In Feistel ciphers, the state operated on at each round is a fixed and a function of the previous rounds. For example, each round, DES operates on a 32-bit half-block plus 48-bit subkey. Therefore, even if you ran a nigh infinite number of rounds (say, 1 billion), all I have to do is start is search of a space of 2^(32+48) of all inputs and emulate the final round.

That is, you can't increase the security of DES past 2^80 by increasing the number of rounds. Thus, once I have computer power able to search that space in a reasonable time, increasing rounds does nothing. Practically speaking, even this search space can be slashed in many block ciphers. (Birthday attacks work pretty well, e.g. cut this down to ~2^40 for hash collisions)

Remember, I don't need to recover the plaintext password if my goal is to decrypt all of your ciphertexts, I can reduce any N round block cipher to a 1 round cipher in this way. Granted, 2^80 is pretty large, but my point is, there have been historical cases of algorithms where increasing key size or # of rounds led to no increase is resistance to attack.
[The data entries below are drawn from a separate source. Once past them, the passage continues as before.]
lemma pushforward_split_weight_1:
  assumes "finite P" "p \<in> order_complex_points P (\<le>)"
  shows "pushforward (case_sum g h) (P <+> P) Q (split_weight P 1 p) = pushforward h P Q p"
proof (rule ext)
  fix z
  show "pushforward (case_sum g h) (P <+> P) Q (split_weight P 1 p) z = pushforward h P Q p z"
    using assms
    by (cases "z \<in> Q")
       (simp_all add: pushforward_Plus, simp_all add: pushforward_def split_weight_def unmoved_weight_1)
qed

lemma continuous_map_split_weight:
  assumes "finite P" "w \<in> P <+> P"
  shows "continuous_map (prod_topology (top_of_set {0..1}) (order_complex_space P le)) euclideanreal
           (\<lambda>q. split_weight P (fst q) (snd q) w)"
proof -
  let ?X = "prod_topology (top_of_set {0..1::real}) (order_complex_space P le)"
  have coordinate: "continuous_map ?X euclideanreal (\<lambda>q. snd q x)" if "x \<in> P" for x
    using continuous_map_compose[OF continuous_map_snd continuous_map_order_complex_coordinate[OF that]]
    by (simp add: o_def)
  have "continuous_map ?X euclideanreal fst"
    by (metis continuous_map_fst continuous_map_in_subtopology)
  then have "continuous_map ?X euclideanreal (\<lambda>q. unmoved_weight P (fst q) (snd q) x)" if "x \<in> P" for x
    unfolding unmoved_weight_def mass_below_def
    using assms(1) coordinate that by (intro continuous_intros) auto
  then show ?thesis
    using assms(2) coordinate by (auto simp: split_weight_def intro!: continuous_map_diff)
qed

lemma split_weight_in_order_complex_points:
  fixes P :: "'a::order set" and Q :: "'b::order set"
  assumes fin: "finite P" "finite Q" and "g ` P \<subseteq> Q" "h ` P \<subseteq> Q"
    and g: "mono_on P g" and h: "mono_on P h" and gh: "\<And>x. x \<in> P \<Longrightarrow> g x \<le> h x"
    and p: "p \<in> order_complex_points P (\<le>)"
  shows "pushforward (case_sum g h) (P <+> P) Q (split_weight P t p) \<in> order_complex_points Q (\<le>)"
proof (rule pushforward_in_order_complex_points)
  have nonneg: "\<And>x. x \<in> P \<Longrightarrow> 0 \<le> p x"
    using p by (simp add: order_complex_points_def)
  then show "0 \<le> split_weight P t p w" if "w \<in> P <+> P" for w
    using that unmoved_weight_bounds[of p _ P t] by (force simp: split_weight_def)
  show "sum (split_weight P t p) (P <+> P) = 1"
    using fin p by (simp add: sum.Plus split_weight_def sum_subtractf order_complex_points_def)
qed (use assms split_weight_chain[OF fin(1) p g h gh] in auto)
(* For every permutation $\beta$, the set of properties $\{\operatorname{Av}(\delta) : \delta\le\beta\}$ is query-complete.
   Context: A permutation $\pi$ contains $\sigma$ (written $\sigma\le\pi$) if $\pi$ has a subsequence order-isomorphic to $\sigma$; $\operatorname{Av}(\delta)$ is the set of permutations not containing $\delta$. For $\sigma\in S_m$ and nonempty permutations $\alpha_1,\dots,\alpha_m$, the inflation $\sigma[\alpha_1,\dots,\alpha_m]$ is the permutation obtained by replacing each entry $\sigma(i)$ by an interval (contiguous positions, consecutive values) order-isomorphic to $\alpha_i$. A property is any set of permutations. A set $\mathcal{P}$ of properties is query-complete if for every permutation $\sigma\in S_m$ and every $P\in\mathcal{P}$, whether $\sigma[\alpha_1,\dots,\alpha_m]\in P$ is determined by $\sigma$ together with the knowledge, for each $i\in[m]$ and each $Q\in\mathcal{P}$, of whether $\alpha_i\in Q$. *)

theory Defs
  imports Main
begin

(* A permutation of length n is represented as a list that is a rearrangement
   of [0..<n] (one-line notation, values 0-based). *)
definition is_perm :: "nat list \<Rightarrow> bool" where
  "is_perm p \<longleftrightarrow> distinct p \<and> set p = {0..<length p}"

definition order_iso :: "nat list \<Rightarrow> nat list \<Rightarrow> bool" where
  "order_iso xs ys \<longleftrightarrow> length xs = length ys \<and>
     (\<forall>i<length xs. \<forall>j<length xs. xs ! i < xs ! j \<longleftrightarrow> ys ! i < ys ! j)"

definition contains :: "nat list \<Rightarrow> nat list \<Rightarrow> bool" where
  "contains \<sigma> \<pi> \<longleftrightarrow> (\<exists>I. I \<subseteq> {..<length \<pi>} \<and> order_iso \<sigma> (nths \<pi> I))"

definition Av :: "nat list \<Rightarrow> nat list set" where
  "Av \<delta> = {\<pi>. is_perm \<pi> \<and> \<not> contains \<delta> \<pi>}"
lemma supersolution_lower_bound:
  assumes x: "x \<in> J"
  shows "- (G * v x / c) * (\<kappa> ^ k) ^ q \<le> g x"
proof -
  let ?n = "\<mu> * q"
  let ?W = "\<lambda>ws. orbit_weight \<theta> w ws x" and ?D = "\<lambda>ws. orbit_weight \<theta> \<theta>' ws x"
  have G: "0 \<le> G" using g_bound[OF x] by linarith
  have nonneg: "0 \<le> ?W ws" "0 \<le> ?D ws" "theta_word \<theta> ws x \<in> J" if "ws \<in> words B ?n" for ws
    using that orbit_weight_nonneg[OF w_nonneg] orbit_weight_nonneg[OF \<theta>'_nonneg] theta_word_mem x
    by (auto simp: words_def)
  have "lam ^ ?n * (- (G * v x / c) * (\<kappa> ^ k) ^ q) = - G * (\<kappa> ^ k) ^ q * (lam ^ ?n * v x / c)"
    by simp
  also have "\<dots> \<le> - G * (\<kappa> ^ k) ^ q * (\<Sum>ws\<in>words B ?n. ?W ws)"
    using sum_orbit_weight_le[OF w_nonneg _ v_super v_lower x] lam G \<kappa>
    by (intro mult_left_mono_neg) auto
  also have "\<dots> \<le> (\<Sum>ws\<in>words B ?n. ?W ws * ?D ws ^ k * (- G))"
    unfolding sum_distrib_left
  proof (rule sum_mono)
    fix ws assume ws: "ws \<in> words B ?n"
    have "?D ws ^ k \<le> (\<kappa> ^ q) ^ k"
      using orbit_weight_le_power[OF \<theta>'_nonneg block ws x] nonneg[OF ws] by (simp add: power_mono)
    then have "?D ws ^ k \<le> (\<kappa> ^ k) ^ q"
      by (simp add: mult.commute flip: power_mult)
    then have "?W ws * ?D ws ^ k \<le> ?W ws * (\<kappa> ^ k) ^ q"
      by (rule mult_left_mono[OF _ nonneg(1)[OF ws]])
    then have "G * (?W ws * ?D ws ^ k) \<le> G * (?W ws * (\<kappa> ^ k) ^ q)"
      using G by (rule mult_left_mono)
    then show "- G * (\<kappa> ^ k) ^ q * ?W ws \<le> ?W ws * ?D ws ^ k * (- G)"
      by (simp add: algebra_simps)
  qed
  also have "\<dots> \<le> (\<Sum>ws\<in>words B ?n. ?W ws * ?D ws ^ k * g (theta_word \<theta> ws x))"
    using nonneg g_bound by (intro sum_mono mult_left_mono) (force simp: abs_le_iff)+
  also have "\<dots> \<le> lam ^ ?n * g x"
    using sum_words_supersolution[of "\<lambda>\<beta> y. w \<beta> y * \<theta>' \<beta> y ^ k", OF _ _ g_super x]
      w_nonneg \<theta>'_nonneg lam by (simp add: orbit_weight_mult_power)
  finally show ?thesis
    using lam by (metis mult_le_cancel_left_pos zero_less_power)
qed

lemma supersolution_nonneg:
  assumes x: "x \<in> J"
  shows "0 \<le> g x"
proof -
  have "\<bar>\<kappa> ^ k\<bar> < 1" using \<kappa> k by (simp add: power_less_one_iff abs_of_nonneg)
  then have "(\<lambda>q. - (G * v x / c) * (\<kappa> ^ k) ^ q) \<longlonglongrightarrow> 0"
    by (intro tendsto_mult_right_zero LIMSEQ_power_zero) simp
  then show ?thesis using supersolution_lower_bound[OF x] LIMSEQ_le_const2 by blast
qed

end

end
Now for hash collision attacks, it doesn't work that way (final round brute force), but there have been some surprising tricks developed in recent years in this field. Practically everything but SHA-1 has been busted. If you want to defend against birthday attacks, you have to increase the search space, not the number of rounds. Making a hash 25x more expensive to computer practically speaking, isn't very secure, since it's not intractable to rent or buy 25x the computing power.

[Simon F]

Quote:

Originally Posted by DemoCoder

In Feistel ciphers, the state operated on at each round is a fixed and a function of the previous rounds. For example, each round, DES operates on a 32-bit half-block plus 48-bit subkey.

Each of those 48-bit subkeys doesn't have to be a "linear" combination of the password+salt.

Quote:

Remember, I don't need to recover the plaintext password if my goal is to decrypt all of your ciphertexts,

But if you are trying to obtain passwords from a stolen password file, then you aren't any better off.

[DemoCoder]

Quote:

Originally Posted by Simon F

But if you are trying to obtain passwords from a stolen password file, then you aren't any better off.

Ahh, but in many cases, you have private keys stored in files which are encrypted with a block cipher (i.e. keyring files), wherein a ciphertext recovery yields all the keys.

Practically speaking, Unix password files just get you access to the computer in most cases, the data is usually left unencrypted (few people use file encryption) Therefore, if I was able to steal the unix shadow password file, I probably could already rootkit the system anyway.

There is far more practically in trying to unlock an encrypted PDF, ZIP, or DRM'ed file. So from a practical standpoint, making the login hash slower will do little for total system security. This was tried in the past with Unix, but most people didn't use stolen passwords, they simply used exploits to bypass authentication and go right to authorization.

[Simon F]

I don't think we are talking about the same things

[Novum]

Quote:

Originally Posted by Davros

yes but does it work in sli

You can scale CUDA to any number of devices by just splitting the workload which should be no problem here. You can even use different GPUs in the same system. It doesn't depend on SLI.

[mhouston]

It's not quite that easy. CUDA doesn't split the load for you, you have to do that. And, if you code relies on synchronization across blocks, then you will have a harder time using multi-GPU. But, if you write straight data parallel code and you aren't scattering to memory needed by other GPUs, getting multiple GPUs working is generally not that hard.

[Novum]

Quote:

Originally Posted by mhouston

It's not quite that easy. CUDA doesn't split the load for you, you have to do that.

I know (isn't that what I said?). But I don't see a problem here. Just divide the keyspace. No problem.